ASSIGNMENT
Report every line below that carries the word "lambda".

INPUT DATA
________________

text \<open>By \<open>Re_gamma_log\<close> and \<open>Im_gamma_log\<close>, \<open>ln |\<gamma>| + arg \<gamma> - 2 arg (\<gamma> - \<i>) = pi/2\<close>
  modulo \<open>2 pi\<close>, which \<open>lens_bounds\<close> rules out inside the disc \<open>|w - 1 - \<i>| \<le> 1\<close>.\<close>
lemma gamma_outside_disc:
  assumes "t > 0"
  shows "(Re (gamma t) - 1)\<^sup>2 + (Im (gamma t) - 1)\<^sup>2 > 1"
proof (rule ccontr)
  define w where "w = gamma t"
  assume "\<not> ?thesis"
  then have in_disc: "(Re w - 1)\<^sup>2 + (Im w - 1)\<^sup>2 \<le> 1" by (simp add: w_def)
  have w: "w = exp (gamma_log t)" using exp_gamma_log assms by (simp add: w_def)
  then have "w \<noteq> 0" by simp
  have "exp (Ln w) = exp (gamma_log t)" using \<open>w \<noteq> 0\<close> w by simp
  then obtain n :: int where "Ln w = gamma_log t + of_int (2 * n) * pi * \<i>"
    using exp_eq by blast
  then have "Im (Ln w) = Im (gamma_log t) + 2 * n * pi" by simp
  moreover have "ln (norm w) = Re (gamma_log t)" using w by simp
  moreover have "Re (gamma_log t) + Im (gamma_log t) = pi / 2 + 2 * Im (Ln (w - \<i>))"
    using Re_gamma_log[of t] Im_gamma_log[of t] assms by (simp add: w_def)
  ultimately have "ln (norm w) + Im (Ln w) - 2 * Im (Ln (w - \<i>)) = pi / 2 + 2 * n * pi"
    by simp
  moreover have "w \<in> ball 0 1" using gamma_in_ball assms by (simp add: w_def)
  ultimately have "pi / 2 < pi / 2 + 2 * n * pi" "pi / 2 + 2 * n * pi < 3 * pi / 2"
    using lens_bounds[OF _ in_disc] by auto
  then have "0 < n" "n < 1" by (simp_all add: zero_less_mult_iff mult_less_cancel_right)
  then show False by simp
qed

lemma norm_gamma: "t \<ge> 0 \<Longrightarrow> norm (gamma t) = exp (Re (gamma_log t))"
  by (metis exp_gamma_log norm_exp_eq_Re)

lemma gamma_polar:
  assumes "t \<ge> 0"
  shows "gamma t = of_real (norm (gamma t)) * exp (\<i> * of_real (Im (gamma_log t)))"
proof -
  have "gamma_log t = of_real (Re (gamma_log t)) + \<i> * of_real (Im (gamma_log t))"
    by (simp add: complex_eq_iff)
  then have "gamma t = exp (of_real (Re (gamma_log t)) + \<i> * of_real (Im (gamma_log t)))"
    using exp_gamma_log[OF assms] by metis
  then have "gamma t = of_real (exp (Re (gamma_log t))) * exp (\<i> * of_real (Im (gamma_log t)))"
    by (simp add: exp_add exp_of_real)
  then show ?thesis unfolding norm_gamma[OF assms] .
qed

lemma norm_gamma_strict_decreasing:
  assumes "0 \<le> s" "s < t"
  shows "norm (gamma t) < norm (gamma s)"
proof -
  have "Re (gamma_log t) < Re (gamma_log s)"
  proof (rule DERIV_neg_imp_decreasing_open[OF assms(2)])
    fix x assume "s < x" "x < t"
    then have "x > 0" using assms by simp
    then show "\<exists>y. ((\<lambda>x. Re (gamma_log x)) has_real_derivative y) (at x) \<and> y < 0"
      using has_vector_derivative_Re[OF has_vector_derivative_gamma_log]
        Re_log_velocity_neg gamma_in_ball by fastforce
  next
    show "continuous_on {s..t} (\<lambda>x. Re (gamma_log x))"
      using assms by (intro continuous_intros continuous_on_subset[OF continuous_on_gamma_log]) auto
  qed
  then show ?thesis using assms by (simp add: norm_gamma)
qed

lemma norm_gamma_tendsto_0: "((\<lambda>t. norm (gamma t)) \<longlongrightarrow> 0) at_top"
proof -
  define C where "C = ln 2 - ln (sqrt 2) + pi / 4 + pi"
  have ev: "eventually (\<lambda>t. norm (norm (gamma t)) \<le> exp (- t) * exp C) at_top"
    using eventually_ge_at_top[of 0]
  proof eventually_elim
    case (elim t)
    then show ?case using Re_gamma_log_le[of t] by (simp add: norm_gamma C_def flip: exp_add)
  qed
  have "((\<lambda>t. exp (- t)) \<longlongrightarrow> (0::real)) at_top"
    by (rule filterlim_compose[OF exp_at_bot filterlim_uminus_at_bot_at_top])
  then have "((\<lambda>t. exp (- t) * exp C) \<longlongrightarrow> 0 * exp C) at_top" by (rule tendsto_mult_right)
  then have "((\<lambda>t. exp (- t) * exp C) \<longlongrightarrow> 0) at_top" by simp
  with ev show ?thesis by (rule Lim_null_comparison)
qed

________________

OUTPUT OF THE EXERCISE
    then show "\<exists>y. ((\<lambda>x. Re (gamma_log x)) has_real_derivative y) (at x) \<and> y < 0"
    show "continuous_on {s..t} (\<lambda>x. Re (gamma_log x))"
lemma norm_gamma_tendsto_0: "((\<lambda>t. norm (gamma t)) \<longlongrightarrow> 0) at_top"
  have ev: "eventually (\<lambda>t. norm (norm (gamma t)) \<le> exp (- t) * exp C) at_top"
  have "((\<lambda>t. exp (- t)) \<longlongrightarrow> (0::real)) at_top"
  then have "((\<lambda>t. exp (- t) * exp C) \<longlongrightarrow> 0 * exp C) at_top" by (rule tendsto_mult_right)
  then have "((\<lambda>t. exp (- t) * exp C) \<longlongrightarrow> 0) at_top" by simp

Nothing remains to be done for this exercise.